Tuesday looks to be the more popular day. I believe Blue in Munich is hosting Kraxx68 and Khamelion plus one other. West Byfleet is an option for three more, and possibly Blackmoor, though we have major course maintenance starting first week in September, so would prefer to find other options.

Anyone out there that could forumers on the Tuesday, that is relatively close to Hankley ?
		
Click to expand...

Dont forget me Rich


----------



## richart (Aug 26, 2017)

pokerjoke said:



			Dont forget me Rich
		
Click to expand...

 How could I forget you PJ.


----------



## richart (Aug 26, 2017)

richart said:



			From the above posts it seems we have the following looking for games

Tuesday 12th September afternoon.

Fish
Imurg
PhiltheFragger
JamesR
GG26
2Blue
Matty6
Teegirl
Kraxx68
Khamelion
Bigfoot
Pokerjoke

Thursday 14th September morning

2Blue
Bigfoot
Teegirl ?

Thursday looks like it will just need one game arranged, so hopefully Sam85 or possibly TheDiablo can arrange a game at West Byfleet ?

Tuesday looks to be the more popular day.
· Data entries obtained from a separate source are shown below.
lemma complement_below_sub_complement:
  assumes "x \<in> A" "y \<in> A" "m \<in> A" "t \<in> A" "m \<preceq> y" "y \<preceq> x" "t \<preceq> y \<ominus> m"
  shows "x \<ominus> y \<preceq> (x \<ominus> m) \<ominus> t"
proof -
  have "x \<ominus> y \<preceq> x \<ominus> m"
    using sub_antimono[of x m y] assms by simp
  moreover have "(x \<ominus> m) \<ominus> (x \<ominus> y) = y \<ominus> m"
    using sub_exchange[of x "x \<ominus> y" m] sub_sub_eq_if_below[of x y] assms by simp
  ultimately show ?thesis
    using sub_antimono[of "x \<ominus> m" t "y \<ominus> m"] sub_sub_eq_if_below[of "x \<ominus> m" "x \<ominus> y"] assms
    by simp
qed

lemma prelinear_below_common_bound:
  assumes "x \<in> A" "y1 \<in> A" "y2 \<in> A" "t \<in> A" "y1 \<preceq> x" "y2 \<preceq> x"
    and "t \<preceq> y1 \<ominus> y2" "t \<preceq> y2 \<ominus> y1"
  shows "t = z"
proof -
  define m where "m = meet y1 y2"
  define c where "c = x \<ominus> m"
  \<comment> \<open>The complement x \<ominus> (c \<ominus> t) of c \<ominus> t in [0, x] lies below y1 and y2, hence below m;
    complementing back gives c \<le> c \<ominus> t, which forces t = 0.\<close>
  have mA: "m \<in> A" and cA: "c \<in> A" and ctA: "c \<ominus> t \<in> A"
    using assms by (simp_all add: m_def c_def)
  have t1: "t \<preceq> y1 \<ominus> m"
    using assms sub_meet[of y1 y2] by (simp add: m_def)
  have t2: "t \<preceq> y2 \<ominus> m"
    using assms sub_meet[of y2 y1] meet_commute[of y1 y2] by (simp add: m_def)
  have below_y: "x \<ominus> (c \<ominus> t) \<preceq> y" if "y \<in> A" "m \<preceq> y" "y \<preceq> x" "t \<preceq> y \<ominus> m" for y
  proof -
    have "x \<ominus> y \<preceq> c \<ominus> t"
      using complement_below_sub_complement[of x y m t] that assms mA by (simp add: c_def)
    then have "x \<ominus> (c \<ominus> t) \<preceq> x \<ominus> (x \<ominus> y)"
      using sub_antimono[of x "x \<ominus> y" "c \<ominus> t"] that assms ctA by simp
    then show ?thesis
      using sub_sub_eq_if_below[of x y] that assms by simp
  qed
  have "x \<ominus> (c \<ominus> t) \<preceq> m"
    unfolding m_def
    using below_y[of y1] below_y[of y2] t1 t2 meet_below_left meet_below_right assms ctA
    by (intro meet_greatest) (simp_all add: m_def)
  then have "c \<preceq> x \<ominus> (x \<ominus> (c \<ominus> t))"
    using sub_antimono[of x "x \<ominus> (c \<ominus> t)" m] assms mA ctA by (simp add: c_def)
  moreover have "c \<ominus> t \<preceq> x"
  proof -
    have "c \<preceq> x"
      using sub_below assms mA by (simp add: c_def)
    then show ?thesis
      using below_trans[OF ctA cA assms(1) sub_below[OF cA assms(4)]] by simp
  qed
  ultimately have "c \<ominus> (c \<ominus> t) = z"
    using sub_sub_eq_if_below[of x "c \<ominus> t"] assms ctA by simp
  moreover have "t \<preceq> c"
    using below_trans[OF _ _ _ t1 sub_mono[of y1 x m]] assms mA by (simp add: c_def)
  then have "c \<ominus> (c \<ominus> t) = t"
    using sub_sub_eq_if_below cA assms by simp
  ultimately show ?thesis
    by simp
qed

section \<open>Ideals, polars and their congruences\<close>

definition ideal :: "'a set \<Rightarrow> bool" where
  "ideal I \<longleftrightarrow> I \<subseteq> A \<and> z \<in> I \<and> (\<forall>x\<in>A. \<forall>y\<in>A. x \<ominus> y \<in> I \<and> y \<in> I \<longrightarrow> x \<in> I)"

lemma idealD:
  assumes "ideal I"
  shows "I \<subseteq> A" and "z \<in> I"
    and "x \<in> A \<Longrightarrow> y \<in> A \<Longrightarrow> x \<ominus> y \<in> I \<Longrightarrow> y \<in> I \<Longrightarrow> x \<in> I"
  using assms unfolding ideal_def by blast+

lemma ideal_closed_below:
  assumes "ideal I" "x \<in> A" "y \<in> I" "x \<preceq> y"
  shows "x \<in> I"
proof (rule idealD(3)[OF assms(1,2) _ _ assms(3)])
  show "y \<in> A"
    using idealD(1)[OF assms(1)] assms(3) by blast
  show "x \<ominus> y \<in> I"
    using idealD(2)[OF assms(1)] assms(4) by simp
qed
lemma nonrepetitive_iff_even_blocks:
  "nonrepetitive xs \<longleftrightarrow> (\<forall>q \<in> even_blocks xs. \<not> is_square q)"
proof -
  have "is_square (take (2 * n) (drop i xs)) \<longleftrightarrow> take n (drop i xs) = take n (drop (i + n) xs)"
    if "i + 2 * n \<le> length xs" for i n
  proof -
    have "length (take (2 * n) (drop i xs)) div 2 = n" using that by simp
    moreover have "drop n (take (2 * n) (drop i xs)) = take n (drop (i + n) xs)"
      by (simp add: drop_take mult_2 add.commute)
    ultimately show ?thesis by (simp add: is_square_def)
  qed
  then show ?thesis unfolding nonrepetitive_def even_blocks_def by blast
qed

lemma even_blocks_map: "even_blocks (map f xs) = map f ` even_blocks xs"
  by (auto simp: even_blocks_def take_map drop_map)

lemma nonrepetitive_map_if_square_free:
  assumes "f \<in> square_free_colourings Q k U" "set ys \<subseteq> U" "even_blocks ys \<subseteq> Q"
  shows "nonrepetitive (map f ys)"
proof -
  have "set q \<subseteq> U" if "q \<in> even_blocks ys" for q
    using that assms(2) by (auto simp: even_blocks_def dest: in_set_takeD in_set_dropD)
  then show ?thesis
    using assms by (auto simp: nonrepetitive_iff_even_blocks even_blocks_map square_free_colourings_def)
qed

lemma even_block_shape:
  assumes "q \<in> even_blocks xs" "distinct xs"
  shows "q \<noteq> [] \<and> distinct q \<and> even (length q)"
  using assms by (auto simp: even_blocks_def)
I believe Blue in Munich is hosting Kraxx68 and Khamelion plus one other. West Byfleet is an option for three more, and possibly Blackmoor, though we have major course maintenance starting first week in September, so would prefer to find other options.

Anyone out there that could take forumers on the Tuesday, that is relatively close to Hankley ?
		
Click to expand...

At the moment we have 12 for Tuesday, so could do with at least one more forumer to sign three in. Any offers ?


----------



## wookie (Aug 27, 2017)

I would say yes but cant be 100% sure I'll get back from the job I've got booked on time (although I should do if all goes to plan).

Let me check with the secretary about them signing in, teeing off and me catching them up as a worse case scenario and I'll confirm asap.


----------



## wookie (Aug 27, 2017)

A swift reply from the secretary.

He's fine with that if I can't get there for the tee off time as long as I catch up at some point.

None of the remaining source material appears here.